(Records from a dataset)
lemma cmod_mult_perturbed_scalar_entry_le:
  assumes E: "E \<in> carrier_mat d d" and u: "u \<in> carrier_vec d" and k: "k < d"
    and "spec_norm E \<le> \<delta>" and "\<delta> \<le> cmod c / 2" and "0 \<le> \<delta>"
  shows "cmod c * cmod (((c \<cdot>\<^sub>m 1\<^sub>m d + E) *\<^sub>v u) $ k - c * u $ k)
    \<le> 2 * \<delta> * vnorm2 ((c \<cdot>\<^sub>m 1\<^sub>m d + E) *\<^sub>v u)"
proof -
  have "((c \<cdot>\<^sub>m 1\<^sub>m d + E) *\<^sub>v u) $ k - c * u $ k = (E *\<^sub>v u) $ k"
    using E u k by (simp add: scalar_plus_mult_mat_vec)
  then have "cmod (((c \<cdot>\<^sub>m 1\<^sub>m d + E) *\<^sub>v u) $ k - c * u $ k) \<le> vnorm2 (E *\<^sub>v u)"
    using E k cmod_le_vnorm2[of k "E *\<^sub>v u"] by simp
  then have "cmod c * cmod (((c \<cdot>\<^sub>m 1\<^sub>m d + E) *\<^sub>v u) $ k - c * u $ k)
      \<le> cmod c * vnorm2 (E *\<^sub>v u)"
    by (rule mult_left_mono) simp
  also have "\<dots> \<le> 2 * \<delta> * vnorm2 ((c \<cdot>\<^sub>m 1\<^sub>m d + E) *\<^sub>v u)"
    using cmod_mult_vnorm2_perturbation_le[OF E u] assms(4-6) .
  finally show ?thesis .
qed

lemma carrier_shifted: "A \<in> carrier_mat n n \<Longrightarrow> shifted A z \<in> carrier_mat n n"
  unfolding shifted_def by auto

lemma index_shifted:
  "A \<in> carrier_mat n n \<Longrightarrow> i < n \<Longrightarrow> j < n \<Longrightarrow>
   shifted A z $$ (i, j) = complex_of_real (A $$ (i, j)) - (if i = j then z else 0)"
  unfolding shifted_def by auto

lemma symmetric_mat_index:
  assumes "A \<in> carrier_mat n n" and "transpose_mat A = A" and "i < n" and "j < n"
  shows "A $$ (i, j) = A $$ (j, i)"
proof -
  have "A $$ (i, j) = transpose_mat A $$ (j, i)" using assms(1,3,4) by simp
  then show ?thesis unfolding assms(2) .
qed

lemma real_symmetric_form_is_real:
  assumes "A \<in> carrier_mat n n" and "transpose_mat A = A"
  shows "Im (\<Sum>i<n. \<Sum>j<n. cnj (v $ i) * complex_of_real (A $$ (i, j)) * v $ j) = 0"
proof -
  let ?s = "\<Sum>i<n. \<Sum>j<n. cnj (v $ i) * complex_of_real (A $$ (i, j)) * v $ j"
  have "cnj ?s = (\<Sum>i<n. \<Sum>j<n. v $ i * complex_of_real (A $$ (i, j)) * cnj (v $ j))"
    by simp
  also have "\<dots> = (\<Sum>j<n. \<Sum>i<n. v $ i * complex_of_real (A $$ (i, j)) * cnj (v $ j))"
    by (rule sum.swap)
  also have "\<dots> = ?s"
  proof (intro sum.cong refl)
    fix i j assume "i \<in> {..<n}" "j \<in> {..<n}"
    then have "A $$ (j, i) = A $$ (i, j)" by (intro symmetric_mat_index[OF assms]) auto
    then show "v $ j * complex_of_real (A $$ (j, i)) * cnj (v $ i)
      = cnj (v $ i) * complex_of_real (A $$ (i, j)) * v $ j" by simp
  qed
  finally have "Im (cnj ?s) = Im ?s" by (rule arg_cong)
  then show ?thesis by (simp del: cnj_sum Im_sum)
qed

== YOUR ASSIGNMENT ==
Which lines above carry the string "shows"? Copy those lines.

== ANSWER SECTION ==
  shows "cmod c * cmod (((c \<cdot>\<^sub>m 1\<^sub>m d + E) *\<^sub>v u) $ k - c * u $ k)
  shows "A $$ (i, j) = A $$ (j, i)"
  shows "Im (\<Sum>i<n. \<Sum>j<n. cnj (v $ i) * complex_of_real (A $$ (i, j)) * v $ j) = 0"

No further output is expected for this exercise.